/I2V-Adapter-Unofficial

Unofficial implementation of the paper I2V-Adapter: A General Image-to-Video Adapter for Video Diffusion Models.

Primary LanguagePython

Introduction

This repository contains unofficial implementation of the paper I2V-Adapter: A General Image-to-Video Adapter for Video Diffusion Models. Due to the lack of computing resources we have (4 A100 80G GPU in total), we only trained the model with a small set of WebVid-10M dataset with no self-collected high-quality video clips as reported in the original paper. We don't attempt to employ any data filtering strategies either. If someone has a robust model trained on a large amount of high-quality data and is willing to share it, feel free to make a pull request.

Video Samples Compared with the Official Project Page

Input Image Official samples from official project page Our Samples

Release Plans

  • Release training script.
  • Release inference script.
  • Release unofficial pretrained weights.

Repository Setup

Prepare Environment

You can setup the repository by running the following commands

git clone https://github.com/xUhEngwAng/I2V-Adapter-Unofficial.git
cd I2V-Adapter-Unofficial

conda create -n I2VAdapter
pip install -r requirements.txt

Download Base T2I Model

git lfs install
git clone https://huggingface.co/SG161222/Realistic_Vision_V5.1_noVAE

Download Pretrained AnimateDiff Motion Adapter

git clone https://huggingface.co/guoyww/animatediff-motion-adapter-v1-5-2

Download Pretrained IP-Adapter

git clone https://huggingface.co/h94/IP-Adapter

Training

Before training, you should first download the corresponding video dataset. Take the frequently-used WebVid-10M dataset for example. You can download the video files and the .csv annotations and place them under the ./data directory. If you use custom dataset, the dataset class under src/data.py should also be modified.

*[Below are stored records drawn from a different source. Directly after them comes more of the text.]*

lemma norm_block1_mult_tail_le: "sqrt 2 * norm (block 1) * tail_norm_sum \<le> 2 / sqrt \<alpha> * head_error"
proof -
  have "(norm (block 1) * off_support_l1)\<^sup>2 \<le> head_error * (k * head_error)"
    unfolding power_mult_distrib using norm_block1_power2_le off_support_l1_power2_le
    by (intro mult_mono) (auto simp: head_error_nonneg)
  also have "\<dots> = (sqrt k * head_error)\<^sup>2"
    by (simp add: power_mult_distrib power2_eq_square)
  finally have "norm (block 1) * off_support_l1 \<le> sqrt k * head_error"
    by (rule power2_le_imp_le) (simp add: head_error_nonneg)
  moreover have "sqrt k * (sqrt \<alpha> * (norm (block 1) * tail_norm_sum)) \<le> norm (block 1) * off_support_l1"
    using mult_left_mono[OF tail_norm_sum_le norm_ge_zero[of "block 1"]] by (simp add: mult_ac)
  ultimately have "sqrt k * (sqrt \<alpha> * (norm (block 1) * tail_norm_sum)) \<le> sqrt k * head_error"
    by linarith
  then have "sqrt \<alpha> * (norm (block 1) * tail_norm_sum) \<le> head_error"
    using k_pos by (simp add: mult_le_cancel_left_pos)
  then have "sqrt 2 * (sqrt \<alpha> * (norm (block 1) * tail_norm_sum)) \<le> sqrt 2 * head_error"
    by (rule mult_left_mono) simp
  also have "\<dots> \<le> 2 * head_error"
    using head_error_nonneg by (intro mult_right_mono) (simp_all add: sqrt2_less_2 less_imp_le)
  finally show ?thesis
    using sqrt_alpha_pos by (simp add: pos_le_divide_eq mult_ac)
qed

lemma tail_norm_sum_power2_le: "tail_norm_sum\<^sup>2 \<le> head_error / \<alpha>"
proof -
  have "k * (\<alpha> * tail_norm_sum\<^sup>2) = (sqrt \<alpha> * sqrt k * tail_norm_sum)\<^sup>2"
    using alpha_ge_1 by (simp add: power_mult_distrib mult_ac)
  also have "\<dots> \<le> off_support_l1\<^sup>2"
    using tail_norm_sum_le tail_norm_sum_nonneg alpha_ge_1 by (intro power_mono) auto
  also have "\<dots> \<le> k * head_error"
    by (rule off_support_l1_power2_le)
  finally show ?thesis
    using k_pos alpha_ge_1 by (simp add: mult_le_cancel_left_pos pos_le_divide_eq mult.commute)
qed

lemma cross_bound_le: "cross_bound \<le> (4 / sqrt \<alpha> + 1 / \<alpha>) * head_error"
  using norm_block0_mult_tail_le norm_block1_mult_tail_le tail_norm_sum_power2_le
  unfolding cross_bound_def by (simp add: algebra_simps)

lemma outer_diff_decomp:
  "outer u - outer x = (outer head - outer x)
     + (\<Sum>j\<in>{2..CARD('n)}. outer2_sym (block 0) (block j))
     + (\<Sum>j\<in>{2..CARD('n)}. outer2_sym (block 1) (block j)) + outer tail"
  by (subst u_eq_head_tail)
    (simp add: outer_add head_def tail_def outer2_sym_add_left outer2_sym_sum_right sum.distrib)

lemma norm_outer2_sym_blocks:
  "i \<noteq> j \<Longrightarrow> norm (outer2_sym (block i) (block j)) = sqrt 2 * (norm (block i) * norm (block j))"
  by (intro norm_outer2_sym_disjoint blocks_disjoint)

To train I2V-Adapter modules, run

accelerate launch ./src/train_image_to_video.py --task_name your_task_name --num_train_epochs 10 --checkpoint_epoch 2

You can also finetune the motion modules by passing in --update_motion_modules

accelerate launch ./src/train_image_to_video.py --task_name your_task_name --num_train_epochs 10 --checkpoint_epoch 2 --update_motion_modules

As mentioned in the original AnimateDiff and PIA paper, you can also first finetune the base T2I model by using the individual frames in the video dataset. This can be accomplished by running

accelerate launch ./src/train_text_to_image.py 

Inference

The condition images and text prompts are given via ./data/WebVid-25K/I2VAdapter-eval.csv, you can freely alter this file and provide your own condition images and prompts. Then run the following commands:

python src/pipeline/pipeline_i2v_adapter.py --task_name I2VAdapter-25K-finetune --checkpoint_epoch 25

Acknowledgements

This codebase is based on diffusers library and AnimateDiff. The implementation of first frame similarity prior is inspied by PIA. We thank all the contributors of these repositories. Additionally, we would like to thank the authors of I2VAdapter for their open research and foundational work, which inspired this unofficial implementation.